▶ TASK TO CARRY OUT: For the records below, print the lines from the line with "using L by (simp" through the line with "using level by" exactly as written; include both end lines and exclude the rest.

▶ EXCERPTED DATA:
+ + + + +
lemma integral_linear_image_eq_multiples:
  fixes f :: "'a::real_vector \<Rightarrow> real"
  assumes L: "additive_subgroup L" and f: "linear f" and f_Ints: "\<And>x. x \<in> L \<Longrightarrow> f x \<in> \<int>"
  obtains d :: int where "d \<ge> 0" "f ` L = range (\<lambda>q. of_int (d * q))"
proof -
  define G where "G = {t::int. of_int t \<in> f ` L}"
  have "additive_subgroup G"
    unfolding additive_subgroup_def G_def
  proof (intro conjI ballI)
    show "0 \<in> {t::int. of_int t \<in> f ` L}"
      using L linear_0[OF f] unfolding additive_subgroup_def by force
  next
    fix s t assume "s \<in> {t::int. of_int t \<in> f ` L}" "t \<in> {t::int. of_int t \<in> f ` L}"
    then obtain x y where "x \<in> L" "y \<in> L" "f x = of_int s" "f y = of_int t"
      by auto
    moreover from this have "x - y \<in> L"
      using L by (simp add: additive_subgroup_diff)
    ultimately show "s - t \<in> {t::int. of_int t \<in> f ` L}"
      using f by (auto simp: linear_diff intro!: image_eqI[of _ _ "x - y"])
  qed
  then have "G = range ((*) (Gcd G))"
    by (rule additive_subgroup_int_eq_multiples)
  moreover have "f ` L = of_int ` G"
  proof
    show "f ` L \<subseteq> of_int ` G"
    proof
      fix y assume "y \<in> f ` L"
      moreover from this obtain t where "y = of_int t"
        using f_Ints by (auto elim: Ints_cases)
      ultimately show "y \<in> of_int ` G"
        by (simp add: G_def)
    qed
  qed (auto simp: G_def)
  ultimately have "f ` L = range (\<lambda>q. of_int (Gcd G * q))"
    by (metis image_image)
  then show thesis
    using that[of "Gcd G"] by simp
qed

lemma integer_distance_divides_level:
  fixes f :: "'a::real_vector \<Rightarrow> real"
  assumes \<Lambda>: "additive_subgroup \<Lambda>" and f: "linear f" and f_Ints: "\<And>x. x \<in> \<Lambda> \<Longrightarrow> f x \<in> \<int>"
    and A: "integer_plane \<Lambda> A" and level: "A \<subseteq> {x. f x = k}" and "k > 0"
  shows "\<exists>d::int. d > 0 \<and> k = real (integer_distance \<Lambda> A) * of_int d"
proof -
  define L where "L = \<Lambda> \<inter> span A"
  have L: "additive_subgroup L"
    unfolding L_def using \<Lambda> by (rule additive_subgroup_Int_span)
  obtain d :: int where "d \<ge> 0" and fL: "f ` L = range (\<lambda>q. of_int (d * q))"
    using integral_linear_image_eq_multiples[OF L f] f_Ints by (auto simp: L_def)
  obtain a where "a \<in> A" "a \<in> \<Lambda>"
    using integer_plane_meets_lattice[OF A] by blast
  then have "k \<in> f ` L"
    using level by (force simp: L_def intro: span_base)
  then obtain n where k: "k = of_int (d * n)"
    using fL by auto
  with \<open>k > 0\<close> \<open>d \<ge> 0\<close> have "d > 0" "n > 0"
    by (auto simp: zero_less_mult_iff)
  have "of_int d \<in> f ` L"
    using fL by (metis mult.right_neutral rangeI)
  then obtain x0 where "x0 \<in> L" "f x0 = of_int d"
    by auto
  have f_multiples: "\<exists>q::int. f x = of_int q * of_int d" if "x \<in> L" for x
    using fL that by (force simp: mult.commute)
  have "integer_distance \<Lambda> A = group_index L {x \<in> L. \<exists>m::int. f x = of_int m * k}"
    unfolding integer_distance_def L_def
    using zspan_plane_points_eq_level_multiples[OF \<Lambda> f A level] \<open>k > 0\<close> by simp
  also have "\<dots> = nat n"
    using group_index_level_multiples[OF L f \<open>x0 \<in> L\<close> \<open>f x0 = of_int d\<close> _ f_multiples \<open>n > 0\<close>]
      \<open>d > 0\<close> k by (simp add: mult.commute)
  finally show ?thesis
    using k \<open>d > 0\<close> \<open>n > 0\<close> by auto
qed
+ + + + +
▶ EXERCISE ANSWER:
      using L by (simp add: additive_subgroup_diff)
    ultimately show "s - t \<in> {t::int. of_int t \<in> f ` L}"
      using f by (auto simp: linear_diff intro!: image_eqI[of _ _ "x - y"])
  qed
  then have "G = range ((*) (Gcd G))"
    by (rule additive_subgroup_int_eq_multiples)
  moreover have "f ` L = of_int ` G"
  proof
    show "f ` L \<subseteq> of_int ` G"
    proof
      fix y assume "y \<in> f ` L"
      moreover from this obtain t where "y = of_int t"
        using f_Ints by (auto elim: Ints_cases)
      ultimately show "y \<in> of_int ` G"
        by (simp add: G_def)
    qed
  qed (auto simp: G_def)
  ultimately have "f ` L = range (\<lambda>q. of_int (Gcd G * q))"
    by (metis image_image)
  then show thesis
    using that[of "Gcd G"] by simp
qed

lemma integer_distance_divides_level:
  fixes f :: "'a::real_vector \<Rightarrow> real"
  assumes \<Lambda>: "additive_subgroup \<Lambda>" and f: "linear f" and f_Ints: "\<And>x. x \<in> \<Lambda> \<Longrightarrow> f x \<in> \<int>"
    and A: "integer_plane \<Lambda> A" and level: "A \<subseteq> {x. f x = k}" and "k > 0"
  shows "\<exists>d::int. d > 0 \<and> k = real (integer_distance \<Lambda> A) * of_int d"
proof -
  define L where "L = \<Lambda> \<inter> span A"
  have L: "additive_subgroup L"
    unfolding L_def using \<Lambda> by (rule additive_subgroup_Int_span)
  obtain d :: int where "d \<ge> 0" and fL: "f ` L = range (\<lambda>q. of_int (d * q))"
    using integral_linear_image_eq_multiples[OF L f] f_Ints by (auto simp: L_def)
  obtain a where "a \<in> A" "a \<in> \<Lambda>"
    using integer_plane_meets_lattice[OF A] by blast
  then have "k \<in> f ` L"
    using level by (force simp: L_def intro: span_base)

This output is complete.